• A mum has shared a heartwarming conversation she had with her 6-year-old son about his sexuality. (Getty Images)Source: Getty Images
“I just thought of something crazy,” he said. “What if two boys married each other?”
Samuel Leighton-Dore

16 Oct 2019 - 11:21 AM  UPDATED 17 Oct 2019 - 12:08 PM

It can be tricky for parents to navigate conversations around sexuality with curious children, as was made apparent when a mother wrote in to Slate for advice this week, explaining that her six-year-old son had started asking questions about sexuality. 

Writing to Slate's parenting advice column, Care and Feeding, the mother revealed that her son had approached her with a revealing line of intrigue - one that she thought had a “testing-the-water tone”.

“I just thought of something crazy,” he said to her. “What if two boys married each other?”

The mother responded by explaining that everybody is different, and that sometimes two men do fall in love and get married.

The boy then told his mother: “I think I’d like to be gay when I grow up.”

The boy then told his mother: “I think I’d like to be gay when I grow up.”

“I told him what I want is for him to be happy," the mother wrote. "Then we talked about trains for a while."

However, the six-year-old's father responded differently, saying: “He’ll always be my son and I’ll always love him, but I might have some trouble accepting that. Life is harder for gay people."

The father also suggested that their son was far too young to be grappling with his sexuality.

“I asked him to at least be prepared to be supportive if he comes out (again?)," the mother wrote in her letter. "It’s my understanding that at least some queer people do know they’re queer by age 6."

She continued: “I hope I handled the talk well. I didn’t think this would come up this young! Should I revisit this or let him lead?

“I don’t want him to feel like being gay is a big deal that we need to have family meetings about. But I don’t want him to think I’m ignoring it hoping it goes away either.”

The Slate advice columnist, Rumaan Alam, was quick to praise the mother for handling the subject so tenderly and using clear, loving and age-appropriate language.

On the father's position, Alam wrote: “He says he might have trouble with the adult your child grows into while noting that life is harder for gay people. One way to assure life isn’t harder on our queer kids is for their parents to insist it not be."

Alam continued: “Your partner isn’t wrong to be skeptical – your kid is so very young. But his parents know him best, and you think it’s possible he was trying to communicate something to you about his future self.
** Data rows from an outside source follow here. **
lemma sum_squares_le_energy_if_leader_reachable:
  fixes w :: "nat \<Rightarrow> real"
  assumes sym: "\<forall>i<N. \<forall>j<N. a i j = a j i" and nonneg_a: "\<forall>i j. a i j \<ge> 0"
    and nonneg_d: "\<forall>i. d i \<ge> 0"
    and reach: "(graph_edge N a)\<^sup>*\<^sup>* i0 k" and "i0 < N" and leader: "d k = 1"
    and max: "\<forall>j<N. (w j)\<^sup>2 \<le> (w i0)\<^sup>2"
  shows "(\<Sum>j<N. (w j)\<^sup>2)
      \<le> real N * (real N + 1) / 2 * (laplacian_energy N a w + (\<Sum>j<N. d j * (w j)\<^sup>2))"
proof -
  obtain p l where path: "simple_path N a p l" and "p 0 = i0" "p l = k"
    using rtranclp_imp_simple_path[OF reach \<open>i0 < N\<close>] by blast
  define B where "B = (\<Sum>t<l. (w (p t) - w (p (Suc t)))\<^sup>2) + (w k)\<^sup>2"
  define P where "P = p ` {..l}"
  have "l < N"
    using path by (rule simple_path_length_less)
  have pN: "\<forall>s\<le>l. p s < N" and inj: "inj_on p {..l}"
    using path by (auto simp: simple_path_def)
  have "B \<ge> 0"
    unfolding B_def by (auto intro!: add_nonneg_nonneg sum_nonneg)
  have "k < N"
    using pN \<open>p l = k\<close> by auto
  then have "(w k)\<^sup>2 \<le> (\<Sum>j<N. d j * (w j)\<^sup>2)"
    using member_le_sum[of k "{..<N}" "\<lambda>j. d j * (w j)\<^sup>2"] nonneg_d leader by simp
  then have B_le: "B \<le> laplacian_energy N a w + (\<Sum>j<N. d j * (w j)\<^sup>2)"
    unfolding B_def using path_energy_le_laplacian_energy[OF sym nonneg_a path, of w] by linarith
  have on_path: "(w (p s))\<^sup>2 \<le> real (l - s + 1) * B" if "s \<le> l" for s
    using square_le_path_energy[OF that, of "\<lambda>t. w (p t)"] \<open>p l = k\<close> by (simp add: B_def)
  have "(\<Sum>j\<in>P. (w j)\<^sup>2) = (\<Sum>s\<le>l. (w (p s))\<^sup>2)"
    unfolding P_def by (simp add: sum.reindex[OF inj])
  also have "\<dots> \<le> (\<Sum>s\<le>l. real (l - s + 1) * B)"
    using on_path by (intro sum_mono) auto
  also have "\<dots> = real (l + 1) * real (l + 2) / 2 * B"
    by (simp only: sum_distrib_right[symmetric] gauss_sum_reversed)
  finally have on_P: "(\<Sum>j\<in>P. (w j)\<^sup>2) \<le> real (l + 1) * real (l + 2) / 2 * B" .
  have "card ({..<N} - P) = N - (l + 1)"
    using pN card_image[OF inj] by (subst card_Diff_subset) (auto simp: P_def)
  moreover have "(w j)\<^sup>2 \<le> real (l + 1) * B" if "j < N" for j
    using max that on_path[of 0] \<open>p 0 = i0\<close> by fastforce
  ultimately have off_P: "(\<Sum>j\<in>{..<N} - P. (w j)\<^sup>2) \<le> real (N - (l + 1)) * (real (l + 1) * B)"
    using sum_bounded_above[of "{..<N} - P" "\<lambda>j. (w j)\<^sup>2" "real (l + 1) * B"] by simp
  have "(\<Sum>j<N. (w j)\<^sup>2) = (\<Sum>j\<in>P. (w j)\<^sup>2) + (\<Sum>j\<in>{..<N} - P. (w j)\<^sup>2)"
    using pN by (subst sum.subset_diff[of P]) (auto simp: P_def)
  also have "\<dots> \<le> (real (l + 1) * real (l + 2) / 2 + real (N - (l + 1)) * real (l + 1)) * B"
    using add_mono[OF on_P off_P] by (simp only: ring_distribs mult_ac)
  also have "\<dots> \<le> real N * (real N + 1) / 2 * B"
    using triangular_add_rectangle_le[OF \<open>l < N\<close>] \<open>B \<ge> 0\<close> by (rule mult_right_mono)
  also have "\<dots> \<le> real N * (real N + 1) / 2 * (laplacian_energy N a w + (\<Sum>j<N. d j * (w j)\<^sup>2))"
    using B_le by (intro mult_left_mono) auto
  finally show ?thesis .
qed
Maybe he was.”

They went on to point out that "there’s no checklist to being the best ally possible" and that it was up to them to nurture their son's curiosity.

“This might be as simple as seeking out different kinds of storybooks (if you’re at a loss, talk to your local librarian),” he wrote.

"If you raise him with a sense that his parents are understanding and supportive of all people … you’ll be raising him to be a man who cannot keep issues at arm’s distance, who has learned a sensitivity to the variety of ways there are to be human.”

While the writer's son might not end up being gay, it's worth noting that everyone's coming out journey is different.

While the writer's son might not end up being gay, it's worth noting that everyone's coming out journey is different. For some, it's a process navigated through puberty - for others it doesn't even begin until they're in their late 20s, 30s or even 40s.

Still, as a result of the LGBTIQ+ rights movement, the average age for coming out has been steadily decreasing for the past decade.

According to a report from The Guardian, research conducted by LGBTIQ+ organisation Stonewall in the UK found that LGBTIQ+ people over the age of 60 had an average coming-out age of 37. However, for those in their 30s, the average age of coming out was 21. 

Younger still, for the study participants aged 18-to-24, the average age was 17-years-old.

Another result of greater LGBTIQ+ visibility in the media and the recent legalisation of same-sex marriage could be that children simply feel more comfortable expressing themselves and asking questions about different relationship structures than previous generations.

Which, when handled with sensitivity and open-mindedness, can only be a positive thing.